Zhipu AI Deploys Single-Rollout Asynchronous Optimization for More Stable LLM Training
Key Takeaways
- ▸Single-rollout sampling with SAO improves training stability and reduces off-policy effects in asynchronous RL for LLMs
- ▸SAO outperforms GRPO baselines across multiple agentic benchmarks (SWE-Bench Verified, BeyondAIME, IMOAnswerBench)
- ▸Successfully deployed at scale in GLM-5.2 (750B-A40B) model training, demonstrating production-ready effectiveness
Summary
Researchers have developed Single-rollout Asynchronous Optimization (SAO), a new technique for training large language models using reinforcement learning that addresses key stability challenges in agentic tasks. Unlike traditional batch-based RL approaches that are inefficient for long-horizon problems, SAO uses asynchronous training but replaces group-wise sampling with single-rollout sampling to reduce off-policy effects and improve generalization. The technique also introduces a strict double-side token-level clipping strategy to enhance optimization stability.

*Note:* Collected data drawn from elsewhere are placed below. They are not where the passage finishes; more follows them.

lemma knuth_equiv_row_bump:
  assumes "sorted_wrt (<) (a @ b # c)" and "\<forall>e\<in>set a. e < x" and "x < b"
  shows "knuth_equiv (a @ b # c @ [x]) (b # a @ x # c)"
proof -
  have "knuth_equiv (a @ b # c @ [x]) (a @ b # x # c)"
    using knuth_equiv_insert_into_row[of b c x a "[]"] assms by (simp add: sorted_wrt_append)
  also have "knuth_equiv \<dots> (b # a @ x # c)"
    using knuth_equiv_move_bumped[of a x b "[]" c] assms by (simp add: sorted_wrt_append)
  finally show ?thesis .
qed

section \<open>Row insertion and tableaux\<close>

lemma row_ins_Cons_cases:
  obtains "\<forall>e\<in>set r. e < x" and "row_ins x (r # rs) = (r @ [x]) # rs"
  | a b c where "r = a @ b # c" "\<forall>e\<in>set a. e < x" "\<not> b < x"
    "row_ins x (r # rs) = (a @ x # c) # row_ins b rs"
proof (cases "dropWhile (\<lambda>y. y < x) r")
  case Nil
  then have "takeWhile (\<lambda>y. y < x) r = r"
    using takeWhile_dropWhile_id[of "\<lambda>y. y < x" r] by simp
  then have "\<forall>e\<in>set r. e < x" by (metis set_takeWhileD)
  with Nil show ?thesis using that(1) by (simp add: Let_def)
next
  case (Cons b c)
  have "r = takeWhile (\<lambda>y. y < x) r @ b # c" "\<not> b < x"
    using Cons unfolding dropWhile_eq_Cons_conv by blast+
  moreover have "\<forall>e\<in>set (takeWhile (\<lambda>y. y < x) r). e < x"
    by (blast dest: set_takeWhileD)
  moreover have "row_ins x (r # rs) = (takeWhile (\<lambda>y. y < x) r @ x # c) # row_ins b rs"
    using Cons by (simp add: Let_def)
  ultimately show ?thesis using that(2) by blast
qed

declare row_ins.simps(2) [simp del]

definition reading_word :: "nat list list \<Rightarrow> nat list" where
  "reading_word T = concat (rev T)"

lemma reading_word_simps [simp]:
  "reading_word [] = []" "reading_word (r # rs) = reading_word rs @ r"
  by (simp_all add: reading_word_def)

lemma rsk_P_snoc: "rsk_P (w @ [x]) = row_ins x (rsk_P w)"
  by (simp add: rsk_P_def)

definition column_strict :: "nat list \<Rightarrow> nat list \<Rightarrow> bool" where
  "column_strict r s \<longleftrightarrow> length s \<le> length r \<and> (\<forall>c<length s. r ! c < s ! c)"

fun tableau :: "nat list list \<Rightarrow> bool" where
  "tableau [] \<longleftrightarrow> True"
| "tableau (r # rs) \<longleftrightarrow> sorted_wrt (<) r \<and> tableau rs \<and> (rs \<noteq> [] \<longrightarrow> column_strict r (hd rs))"

lemma tableau_rows_sorted: "tableau T \<Longrightarrow> r \<in> set T \<Longrightarrow> sorted_wrt (<) r"
  by (induction T) auto

lemma tableau_column:
  assumes "tableau T" "j < j'" "j' < length T" "c < length (T ! j')"
  shows "c < length (T ! j) \<and> T ! j ! c < T ! j' ! c"
  using assms
proof (induction T arbitrary: j j')
  case (Cons r rs)
  then obtain i' where j': "j' = Suc i'" by (cases j') auto
  have top: "c < length r \<and> r ! c < rs ! 0 ! c" if "c < length (rs ! 0)"
    using Cons.prems(1,3) that j' by (auto simp: column_strict_def hd_conv_nth)
  show ?case
  proof (cases j)
    case 0
    show ?thesis
    proof (cases i')
      case (Suc i)
      then show ?thesis using Cons 0 j' top by (fastforce dest: Cons.IH[of 0 i'])
    qed (use Cons 0 j' top in simp)
  next
    case (Suc i)
    then show ?thesis using Cons j' by simp
  qed
qed simp

lemma column_strict_bump:
  assumes sorted: "sorted_wrt (<) (a @ b # c)" and cs: "column_strict (a @ b # c) (a' @ s)"
    and ax: "\<forall>e\<in>set a. e < x" and xb: "x < b" and a'b: "\<forall>e\<in>set a'. e < b"
  shows "column_strict (a @ x # c) (a' @ b # drop 1 s)"
proof -
  let ?r = "a @ b # c" and ?s = "a' @ s"
  have below: "?r ! i < ?s ! i" if "i < length ?s" for i
    using cs that by (simp add: column_strict_def)
  have "length a' \<le> length a"
  proof (rule ccontr)
    assume "\<not> length a' \<le> length a"
    then have "?r ! length a < a' ! length a"
      using below[of "length a"] by (simp add: nth_append)
    moreover have "a' ! length a \<in> set a'" using \<open>\<not> length a' \<le> length a\<close> by simp
    ultimately show False using a'b by (fastforce simp: nth_append)
  qed
  have new_le: "(a @ x # c) ! i \<le> ?r ! i" for i
    using xb by (cases "i = length a") (auto simp: nth_append)
  show ?thesis
    unfolding column_strict_def
  proof (intro conjI allI impI)
    show "length (a' @ b # drop 1 s) \<le> length (a @ x # c)"
      using cs \<open>length a' \<le> length a\<close> by (cases s) (auto simp: column_strict_def)
    fix i assume i: "i < length (a' @ b # drop 1 s)"
    show "(a @ x # c) ! i < (a' @ b # drop 1 s) ! i"
    proof (cases "i = length a'")
      case True
      have "a ! length a' < b" if "length a' < length a"
        using ax xb nth_mem[OF that] by fastforce
      then show ?thesis
        using True xb \<open>length a' \<le> length a\<close>
        by (cases "length a' = length a") (auto simp: nth_append)
    next
      case False
      then have "(a' @ b # drop 1 s) ! i = ?s ! i" and "i < length ?s"
        using i by (cases s; auto simp: nth_append nth_Cons')+
      then show ?thesis using new_le[of i] below[of i] by simp
    qed
  qed
qed

lemma head_row_ins_bump:
  assumes "\<forall>e\<in>set a. e < x" "x < b" "sorted_wrt (<) (a @ b # c)" "tableau rs"
    "rs \<noteq> [] \<longrightarrow> column_strict (a @ b # c) (hd rs)" "b \<notin> set (concat rs)"
  shows "column_strict (a @ x # c) (hd (row_ins b rs))"
proof (cases rs)
  case Nil
  then show ?thesis
    using column_strict_bump[of a b c "[]" "[]" x] assms by (simp add: column_strict_def)
next
  case (Cons s ss)
  show ?thesis
  proof (cases rule: row_ins_Cons_cases[of s b ss])
    case 1
    then show ?thesis
      using column_strict_bump[of a b c s "[]" x] assms Cons by simp
  next
    case (2 a' b' c')
    then show ?thesis
      using column_strict_bump[of a b c a' "b' # c'" x] assms Cons by simp
  qed
qed

lemma tableau_row_ins:
  assumes "tableau T" and "distinct (x # reading_word T)"
  shows "tableau (row_ins x T)"
  using assms
proof (induction T arbitrary: x)
  case (Cons r rs)
  show ?case
  proof (cases rule: row_ins_Cons_cases[of r x rs])
    case 1
    then show ?thesis
      using Cons.prems by (auto simp: sorted_wrt_append column_strict_def nth_append)
  next
    case (2 a b c)
    have xb: "x < b" using 2 Cons.prems(2) by auto
    have "tableau (row_ins b rs)"
      using Cons.IH[of b] Cons.prems 2 by auto
    moreover have "sorted_wrt (<) (a @ x # c)"
      using Cons.prems(1) 2 xb by (auto simp: sorted_wrt_append)
    moreover have "column_strict (a @ x # c) (hd (row_ins b rs))"
      using head_row_ins_bump[of a x b c rs] Cons.prems 2 xb by (auto simp: reading_word_def)
    moreover have "row_ins b rs \<noteq> []" by (cases rs) (auto simp: row_ins.simps Let_def)
    ultimately show ?thesis using 2 by simp
  qed
qed simp

lemma knuth_equiv_row_ins:
  assumes "tableau T" and "distinct (x # reading_word T)"
  shows "knuth_equiv (reading_word T @ [x]) (reading_word (row_ins x T))"
  using assms
proof (induction T arbitrary: x)
  case (Cons r rs)
  show ?case
  proof (cases rule: row_ins_Cons_cases[of r x rs])
    case 1
    then show ?thesis by simp
  next
    case (2 a b c)
    have xb: "x < b" using 2 Cons.prems(2) by auto
    have "reading_word (r # rs) @ [x] = reading_word rs @ (a @ b # c @ [x]) @ []"
      using 2 by simp
    also have "knuth_equiv \<dots> (reading_word rs @ (b # a @ x # c) @ [])"
      using knuth_equiv_row_bump[of a b c x] Cons.prems(1) 2 xb
      by (intro knuth_equiv_append) simp
    also have "\<dots> = [] @ (reading_word rs @ [b]) @ (a @ x # c)" by simp
    also have "knuth_equiv \<dots> ([] @ reading_word (row_ins b rs) @ (a @ x # c))"
      using Cons.IH[of b] Cons.prems 2 by (intro knuth_equiv_append) auto
    also have "\<dots> = reading_word (row_ins x (r # rs))" using 2 by simp
    finally show ?thesis .
  qed
qed simp

lemma knuth_equiv_distinct: "knuth_equiv w w' \<Longrightarrow> distinct w \<Longrightarrow> distinct w'"
  by (metis card_distinct distinct_card knuth_equiv_set_length)

lemma rsk_P_tableau_knuth_equiv:
  assumes "distinct w"
  shows "tableau (rsk_P w) \<and> knuth_equiv w (reading_word (rsk_P w))"
  using assms
proof (induction w rule: rev_induct)
  case Nil
  then show ?case by (simp add: rsk_P_def)
next
  case (snoc x w)
  then have IH: "tableau (rsk_P w)" "knuth_equiv w (reading_word (rsk_P w))" by simp_all
  have "distinct (x # reading_word (rsk_P w))"
    using snoc.prems knuth_equiv_distinct[OF IH(2)] knuth_equiv_set_length[OF IH(2)] by auto
  moreover have "knuth_equiv (w @ [x]) (reading_word (rsk_P w) @ [x])"
    using knuth_equiv_append[OF IH(2), of "[]" "[x]"] by simp
  ultimately show ?case
    using IH tableau_row_ins[OF IH(1)] knuth_equiv_row_ins[OF IH(1)] equivclp_trans
    unfolding rsk_P_snoc by metis
qed

section \<open>Greene's theorem\<close>

definition row_length :: "nat list list \<Rightarrow> nat \<Rightarrow> nat" where
  "row_length T j = (if j < length T then length (T ! j) else 0)"

lemma row_length_Cons:
  "row_length (r # rs) 0 = length r" "row_length (r # rs) (Suc j) = row_length rs j"
  by (simp_all add: row_length_def)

SAO was successfully deployed in the agentic RL pipeline for training the open GLM-5.2 model (750B-A40B) and consistently outperformed existing methods like GRPO on challenging benchmarks including SWE-Bench Verified, BeyondAIME, and IMOAnswerBench. The researchers demonstrated that SAO can train stably for over one thousand steps and is particularly effective in online learning scenarios where models must adapt to changing environments. The technique's practical effectiveness in large-scale model training suggests a significant step forward in making RL post-training more efficient and reliable for production LLM systems.
- Particularly effective for online learning scenarios where models must continuously adapt to evolving environments
Editorial Opinion
This research represents meaningful progress in making RL-based LLM training both stable and scalable. The transition from batch-synchronized to genuinely asynchronous RL has been a long-standing challenge, and addressing both throughput and training stability simultaneously is valuable. That the technique successfully deployed in a large production model (GLM-5.2) adds credibility, though independent reproduction on other model families would strengthen confidence in its generalizability.